▶ _TASK_
Each line of the entries that mentions the string "allI" needs to be reported.

▶ _DATASET EXCERPTS_
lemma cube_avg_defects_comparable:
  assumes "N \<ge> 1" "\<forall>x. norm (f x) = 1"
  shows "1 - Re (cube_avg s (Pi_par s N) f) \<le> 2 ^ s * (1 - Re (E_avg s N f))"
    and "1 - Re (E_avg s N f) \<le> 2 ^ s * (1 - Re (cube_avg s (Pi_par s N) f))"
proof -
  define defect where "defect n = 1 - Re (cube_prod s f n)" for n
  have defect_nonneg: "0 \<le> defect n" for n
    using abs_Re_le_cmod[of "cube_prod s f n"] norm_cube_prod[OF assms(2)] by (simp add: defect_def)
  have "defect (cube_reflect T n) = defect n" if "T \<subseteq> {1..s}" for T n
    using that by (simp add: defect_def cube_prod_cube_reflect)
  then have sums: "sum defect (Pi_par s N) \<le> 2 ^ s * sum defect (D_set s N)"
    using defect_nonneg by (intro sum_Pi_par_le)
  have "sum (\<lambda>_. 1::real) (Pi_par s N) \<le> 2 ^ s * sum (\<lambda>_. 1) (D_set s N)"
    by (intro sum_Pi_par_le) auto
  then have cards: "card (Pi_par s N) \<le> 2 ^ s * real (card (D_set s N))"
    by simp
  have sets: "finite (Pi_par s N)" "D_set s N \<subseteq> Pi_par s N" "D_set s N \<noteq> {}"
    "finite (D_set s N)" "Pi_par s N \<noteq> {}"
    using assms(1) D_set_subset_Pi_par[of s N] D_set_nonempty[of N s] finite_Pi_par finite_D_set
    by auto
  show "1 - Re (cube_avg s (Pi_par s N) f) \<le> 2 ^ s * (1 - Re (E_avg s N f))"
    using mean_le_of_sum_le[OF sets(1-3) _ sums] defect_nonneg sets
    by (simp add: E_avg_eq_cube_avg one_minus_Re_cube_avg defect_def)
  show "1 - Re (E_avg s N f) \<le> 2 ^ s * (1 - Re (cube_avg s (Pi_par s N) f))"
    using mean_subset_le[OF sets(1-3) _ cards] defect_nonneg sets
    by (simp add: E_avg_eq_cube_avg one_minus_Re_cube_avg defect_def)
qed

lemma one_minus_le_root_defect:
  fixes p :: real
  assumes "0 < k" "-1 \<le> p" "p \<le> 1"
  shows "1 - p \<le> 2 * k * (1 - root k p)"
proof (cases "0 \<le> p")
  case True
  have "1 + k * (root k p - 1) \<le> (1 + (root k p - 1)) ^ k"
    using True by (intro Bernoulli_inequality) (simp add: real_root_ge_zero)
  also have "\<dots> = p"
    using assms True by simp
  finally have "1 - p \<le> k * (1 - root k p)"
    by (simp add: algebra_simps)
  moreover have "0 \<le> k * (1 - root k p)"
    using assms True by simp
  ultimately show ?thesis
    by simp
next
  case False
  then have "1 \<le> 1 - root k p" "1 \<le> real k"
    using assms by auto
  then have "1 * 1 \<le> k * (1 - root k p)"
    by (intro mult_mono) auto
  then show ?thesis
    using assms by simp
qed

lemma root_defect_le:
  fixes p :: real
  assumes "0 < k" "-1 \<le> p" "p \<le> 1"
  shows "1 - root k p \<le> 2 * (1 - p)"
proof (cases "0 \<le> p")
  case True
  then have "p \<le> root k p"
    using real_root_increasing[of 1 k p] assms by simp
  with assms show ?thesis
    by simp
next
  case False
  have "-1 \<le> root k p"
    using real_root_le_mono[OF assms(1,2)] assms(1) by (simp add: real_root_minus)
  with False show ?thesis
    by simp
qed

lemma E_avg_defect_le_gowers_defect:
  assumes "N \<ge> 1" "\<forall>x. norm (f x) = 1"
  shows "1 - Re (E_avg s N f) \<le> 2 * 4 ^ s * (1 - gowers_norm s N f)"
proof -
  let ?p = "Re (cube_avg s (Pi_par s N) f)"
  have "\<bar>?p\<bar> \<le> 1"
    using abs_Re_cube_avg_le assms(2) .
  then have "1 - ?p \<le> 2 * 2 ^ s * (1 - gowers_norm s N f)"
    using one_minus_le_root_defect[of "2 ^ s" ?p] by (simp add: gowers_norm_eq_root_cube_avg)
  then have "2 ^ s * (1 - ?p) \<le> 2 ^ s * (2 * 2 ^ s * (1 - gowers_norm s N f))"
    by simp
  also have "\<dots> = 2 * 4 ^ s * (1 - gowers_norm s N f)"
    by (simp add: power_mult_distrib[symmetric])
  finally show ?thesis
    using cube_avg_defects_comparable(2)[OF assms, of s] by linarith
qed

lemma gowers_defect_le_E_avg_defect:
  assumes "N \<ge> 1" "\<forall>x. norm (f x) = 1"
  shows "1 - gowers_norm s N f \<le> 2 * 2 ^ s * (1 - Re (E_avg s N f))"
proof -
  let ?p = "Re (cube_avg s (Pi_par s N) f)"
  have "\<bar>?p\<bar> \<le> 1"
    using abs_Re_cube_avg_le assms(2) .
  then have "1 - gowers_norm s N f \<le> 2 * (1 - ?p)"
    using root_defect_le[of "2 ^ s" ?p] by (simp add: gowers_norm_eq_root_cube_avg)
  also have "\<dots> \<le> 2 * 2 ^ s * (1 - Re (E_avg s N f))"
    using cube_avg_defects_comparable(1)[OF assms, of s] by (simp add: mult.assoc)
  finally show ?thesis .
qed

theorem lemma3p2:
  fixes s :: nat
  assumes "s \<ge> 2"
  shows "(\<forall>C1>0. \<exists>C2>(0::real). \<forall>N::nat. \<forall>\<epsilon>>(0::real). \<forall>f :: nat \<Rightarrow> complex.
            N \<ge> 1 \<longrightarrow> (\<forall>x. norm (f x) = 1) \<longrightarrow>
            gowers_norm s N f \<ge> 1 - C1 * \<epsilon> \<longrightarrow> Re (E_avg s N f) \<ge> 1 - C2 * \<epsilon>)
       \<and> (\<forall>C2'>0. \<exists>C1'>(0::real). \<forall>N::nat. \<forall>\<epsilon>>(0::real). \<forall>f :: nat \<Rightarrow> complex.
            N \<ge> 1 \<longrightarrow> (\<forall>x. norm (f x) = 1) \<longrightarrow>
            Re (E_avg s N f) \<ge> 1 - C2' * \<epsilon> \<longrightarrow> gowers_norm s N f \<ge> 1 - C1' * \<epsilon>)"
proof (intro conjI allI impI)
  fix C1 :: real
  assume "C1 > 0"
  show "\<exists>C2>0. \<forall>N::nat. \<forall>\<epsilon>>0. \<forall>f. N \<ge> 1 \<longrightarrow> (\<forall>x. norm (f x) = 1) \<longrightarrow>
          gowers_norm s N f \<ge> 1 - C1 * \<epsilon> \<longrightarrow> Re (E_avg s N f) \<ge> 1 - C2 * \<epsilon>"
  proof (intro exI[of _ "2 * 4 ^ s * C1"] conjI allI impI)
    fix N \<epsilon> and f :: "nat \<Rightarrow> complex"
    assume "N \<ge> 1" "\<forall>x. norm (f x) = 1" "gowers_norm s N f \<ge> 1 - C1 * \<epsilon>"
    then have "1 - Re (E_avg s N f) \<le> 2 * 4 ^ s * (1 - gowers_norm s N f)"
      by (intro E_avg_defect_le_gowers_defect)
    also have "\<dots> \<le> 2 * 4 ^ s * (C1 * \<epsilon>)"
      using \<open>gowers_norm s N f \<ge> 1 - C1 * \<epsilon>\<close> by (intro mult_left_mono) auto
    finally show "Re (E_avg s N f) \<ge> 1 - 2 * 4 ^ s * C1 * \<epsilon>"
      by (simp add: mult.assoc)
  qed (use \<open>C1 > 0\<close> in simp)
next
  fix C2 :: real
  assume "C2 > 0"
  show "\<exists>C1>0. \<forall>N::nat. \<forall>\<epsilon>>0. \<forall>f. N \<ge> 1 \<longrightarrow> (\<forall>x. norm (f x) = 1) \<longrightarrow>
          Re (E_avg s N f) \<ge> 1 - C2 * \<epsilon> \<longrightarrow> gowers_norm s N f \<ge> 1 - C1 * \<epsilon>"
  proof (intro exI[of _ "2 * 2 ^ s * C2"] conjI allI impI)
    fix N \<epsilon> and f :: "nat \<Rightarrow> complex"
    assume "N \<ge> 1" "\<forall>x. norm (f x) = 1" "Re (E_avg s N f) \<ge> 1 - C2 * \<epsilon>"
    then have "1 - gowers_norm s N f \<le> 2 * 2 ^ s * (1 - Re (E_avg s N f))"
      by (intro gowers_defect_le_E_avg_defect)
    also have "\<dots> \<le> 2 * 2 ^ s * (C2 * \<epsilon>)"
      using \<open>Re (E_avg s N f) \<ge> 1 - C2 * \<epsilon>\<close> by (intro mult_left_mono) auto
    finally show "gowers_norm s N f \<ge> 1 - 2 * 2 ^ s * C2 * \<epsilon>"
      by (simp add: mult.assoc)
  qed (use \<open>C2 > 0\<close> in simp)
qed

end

▶ _YOUR RESPONSE_
proof (intro conjI allI impI)
  proof (intro exI[of _ "2 * 4 ^ s * C1"] conjI allI impI)
  proof (intro exI[of _ "2 * 2 ^ s * C2"] conjI allI impI)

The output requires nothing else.